> **TASK PROMPT**
Each entry must be reproduced precisely as it stands.

> **DATASET EXCERPTS**
lemma length_join_seq:
  assumes "distinct S" "set S \<subseteq> V" "I \<subseteq> set S"
  shows "length (join_seq I S) + card I = length S + (\<Sum>v\<in>I. grundy_dom (VV v) (EE v))"
proof -
  have "length (join_seq I S) = (\<Sum>x\<in>set S. length (block I x))"
    unfolding join_seq_def by (simp add: length_concat sum_list_distinct_conv_sum_set[OF assms(1)])
  also have "\<dots> = (\<Sum>x\<in>set S - I. length (block I x)) + (\<Sum>x\<in>I. length (block I x))"
    using assms(3) by (simp add: sum.subset_diff)
  also have "\<dots> = card (set S - I) + (\<Sum>v\<in>I. grundy_dom (VV v) (EE v))"
    using assms(2,3) grundy_seq_VV(2) unfolding block_def by (intro arg_cong2[where f = "(+)"] sum.cong) auto
  finally show ?thesis
    using assms card_mono[OF _ assms(3)] by (simp add: card_Diff_subset finite_subset distinct_card)
qed

lemma grundy_dom_xjoin_ge:
  assumes "S \<in> legal_seqs_I V E I"
  shows "length S + (\<Sum>v\<in>I. grundy_dom (VV v) (EE v)) \<le> grundy_dom XV XE + card I"
proof -
  have L: "legal_dom_seq V E S" and "self_footprinted V E S = I"
    using assms unfolding legal_seqs_I_def legal_seqs_def by auto
  then have "distinct S" "set S \<subseteq> V" "I \<subseteq> set S"
    using self_footprinted_subset[OF L] unfolding legal_dom_seq_def dominating_def by auto
  moreover have "legal_from XE {} (join_seq I S)"
    using legal_seqs_I_stepwise[OF assms] \<open>set S \<subseteq> V\<close> by (rule legal_from_join_seq) simp
  ultimately have "join_seq I S \<in> legal_seqs XV XE"
    using dominating_join_seq[OF assms] distinct_join_seq
    unfolding legal_seqs_def legal_dom_seq_iff_legal_from by simp
  moreover have "finite XV"
    using graph graph_VV unfolding graph_def xjoin_V_def by simp
  ultimately have "length (join_seq I S) \<le> grundy_dom XV XE"
    by (simp add: length_le_grundy_dom)
  then show ?thesis
    using length_join_seq[OF \<open>distinct S\<close> \<open>set S \<subseteq> V\<close> \<open>I \<subseteq> set S\<close>] by linarith
qed

end

theorem lemma1:
  fixes V :: "'a set" and E :: "'a \<Rightarrow> 'a \<Rightarrow> bool"
    and VV :: "'a \<Rightarrow> 'b set" and EE :: "'a \<Rightarrow> 'b \<Rightarrow> 'b \<Rightarrow> bool"
  assumes "graph V E"
    and "\<And>v. v \<in> V \<Longrightarrow> graph (VV v) (EE v)"
    and "\<And>u v. u \<in> V \<Longrightarrow> v \<in> V \<Longrightarrow> u \<noteq> v \<Longrightarrow> VV u \<inter> VV v = {}"
  shows "ereal (real (grundy_dom (xjoin_V V VV) (xjoin_E V E VV EE))) \<ge>
    Max {grundy_dom_I V E I + ereal (real (\<Sum>v\<in>I. grundy_dom (VV v) (EE v))) - ereal (real (card I))
         | I. independent V E I}"
proof -
  interpret xjoin V E VV EE
    using assms by unfold_locales
  have "finite V"
    using assms(1) unfolding graph_def by blast
  have "grundy_dom_I V E I + ereal (real (\<Sum>v\<in>I. grundy_dom (VV v) (EE v))) - ereal (real (card I))
        \<le> ereal (real (grundy_dom XV XE))" for I
  proof (cases "legal_seqs_I V E I = {}")
    case False
    then obtain S where S: "S \<in> legal_seqs_I V E I" "grundy_dom_I V E I = ereal (real (length S))"
      using grundy_dom_I_attained[OF \<open>finite V\<close>] by blast
    have "real (length S + (\<Sum>v\<in>I. grundy_dom (VV v) (EE v))) \<le> real (grundy_dom XV XE + card I)"
      using grundy_dom_xjoin_ge[OF S(1)] by (rule of_nat_mono)
    with S(2) show ?thesis
      by simp
  qed (simp add: grundy_dom_I_def)
  moreover have "finite {I. independent V E I}"
    using \<open>finite V\<close> by (auto simp: independent_def intro: rev_finite_subset[of "Pow V"])
  moreover have "independent V E {}"
    by (simp add: independent_def)
  ultimately show ?thesis
    by (subst Max_le_iff) auto
qed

> **RESULT OF THE EXERCISE**
lemma length_join_seq:
  assumes "distinct S" "set S \<subseteq> V" "I \<subseteq> set S"
  shows "length (join_seq I S) + card I = length S + (\<Sum>v\<in>I. grundy_dom (VV v) (EE v))"
proof -
  have "length (join_seq I S) = (\<Sum>x\<in>set S. length (block I x))"
    unfolding join_seq_def by (simp add: length_concat sum_list_distinct_conv_sum_set[OF assms(1)])
  also have "\<dots> = (\<Sum>x\<in>set S - I. length (block I x)) + (\<Sum>x\<in>I. length (block I x))"
    using assms(3) by (simp add: sum.subset_diff)
  also have "\<dots> = card (set S - I) + (\<Sum>v\<in>I. grundy_dom (VV v) (EE v))"
    using assms(2,3) grundy_seq_VV(2) unfolding block_def by (intro arg_cong2[where f = "(+)"] sum.cong) auto
  finally show ?thesis
    using assms card_mono[OF _ assms(3)] by (simp add: card_Diff_subset finite_subset distinct_card)
qed

lemma grundy_dom_xjoin_ge:
  assumes "S \<in> legal_seqs_I V E I"
  shows "length S + (\<Sum>v\<in>I. grundy_dom (VV v) (EE v)) \<le> grundy_dom XV XE + card I"
proof -
  have L: "legal_dom_seq V E S" and "self_footprinted V E S = I"
    using assms unfolding legal_seqs_I_def legal_seqs_def by auto
  then have "distinct S" "set S \<subseteq> V" "I \<subseteq> set S"
    using self_footprinted_subset[OF L] unfolding legal_dom_seq_def dominating_def by auto
  moreover have "legal_from XE {} (join_seq I S)"
    using legal_seqs_I_stepwise[OF assms] \<open>set S \<subseteq> V\<close> by (rule legal_from_join_seq) simp
  ultimately have "join_seq I S \<in> legal_seqs XV XE"
    using dominating_join_seq[OF assms] distinct_join_seq
    unfolding legal_seqs_def legal_dom_seq_iff_legal_from by simp
  moreover have "finite XV"
    using graph graph_VV unfolding graph_def xjoin_V_def by simp
  ultimately have "length (join_seq I S) \<le> grundy_dom XV XE"
    by (simp add: length_le_grundy_dom)
  then show ?thesis
    using length_join_seq[OF \<open>distinct S\<close> \<open>set S \<subseteq> V\<close> \<open>I \<subseteq> set S\<close>] by linarith
qed

end

theorem lemma1:
  fixes V :: "'a set" and E :: "'a \<Rightarrow> 'a \<Rightarrow> bool"
    and VV :: "'a \<Rightarrow> 'b set" and EE :: "'a \<Rightarrow> 'b \<Rightarrow> 'b \<Rightarrow> bool"
  assumes "graph V E"
    and "\<And>v. v \<in> V \<Longrightarrow> graph (VV v) (EE v)"
    and "\<And>u v. u \<in> V \<Longrightarrow> v \<in> V \<Longrightarrow> u \<noteq> v \<Longrightarrow> VV u \<inter> VV v = {}"
  shows "ereal (real (grundy_dom (xjoin_V V VV) (xjoin_E V E VV EE))) \<ge>
    Max {grundy_dom_I V E I + ereal (real (\<Sum>v\<in>I. grundy_dom (VV v) (EE v))) - ereal (real (card I))
         | I. independent V E I}"
proof -
  interpret xjoin V E VV EE
    using assms by unfold_locales
  have "finite V"
    using assms(1) unfolding graph_def by blast
  have "grundy_dom_I V E I + ereal (real (\<Sum>v\<in>I. grundy_dom (VV v) (EE v))) - ereal (real (card I))
        \<le> ereal (real (grundy_dom XV XE))" for I
  proof (cases "legal_seqs_I V E I = {}")
    case False
    then obtain S where S: "S \<in> legal_seqs_I V E I" "grundy_dom_I V E I = ereal (real (length S))"
      using grundy_dom_I_attained[OF \<open>finite V\<close>] by blast
    have "real (length S + (\<Sum>v\<in>I. grundy_dom (VV v) (EE v))) \<le> real (grundy_dom XV XE + card I)"
      using grundy_dom_xjoin_ge[OF S(1)] by (rule of_nat_mono)
    with S(2) show ?thesis
      by simp
  qed (simp add: grundy_dom_I_def)
  moreover have "finite {I. independent V E I}"
    using \<open>finite V\<close> by (auto simp: independent_def intro: rev_finite_subset[of "Pow V"])
  moreover have "independent V E {}"
    by (simp add: independent_def)
  ultimately show ?thesis
    by (subst Max_le_iff) auto
qed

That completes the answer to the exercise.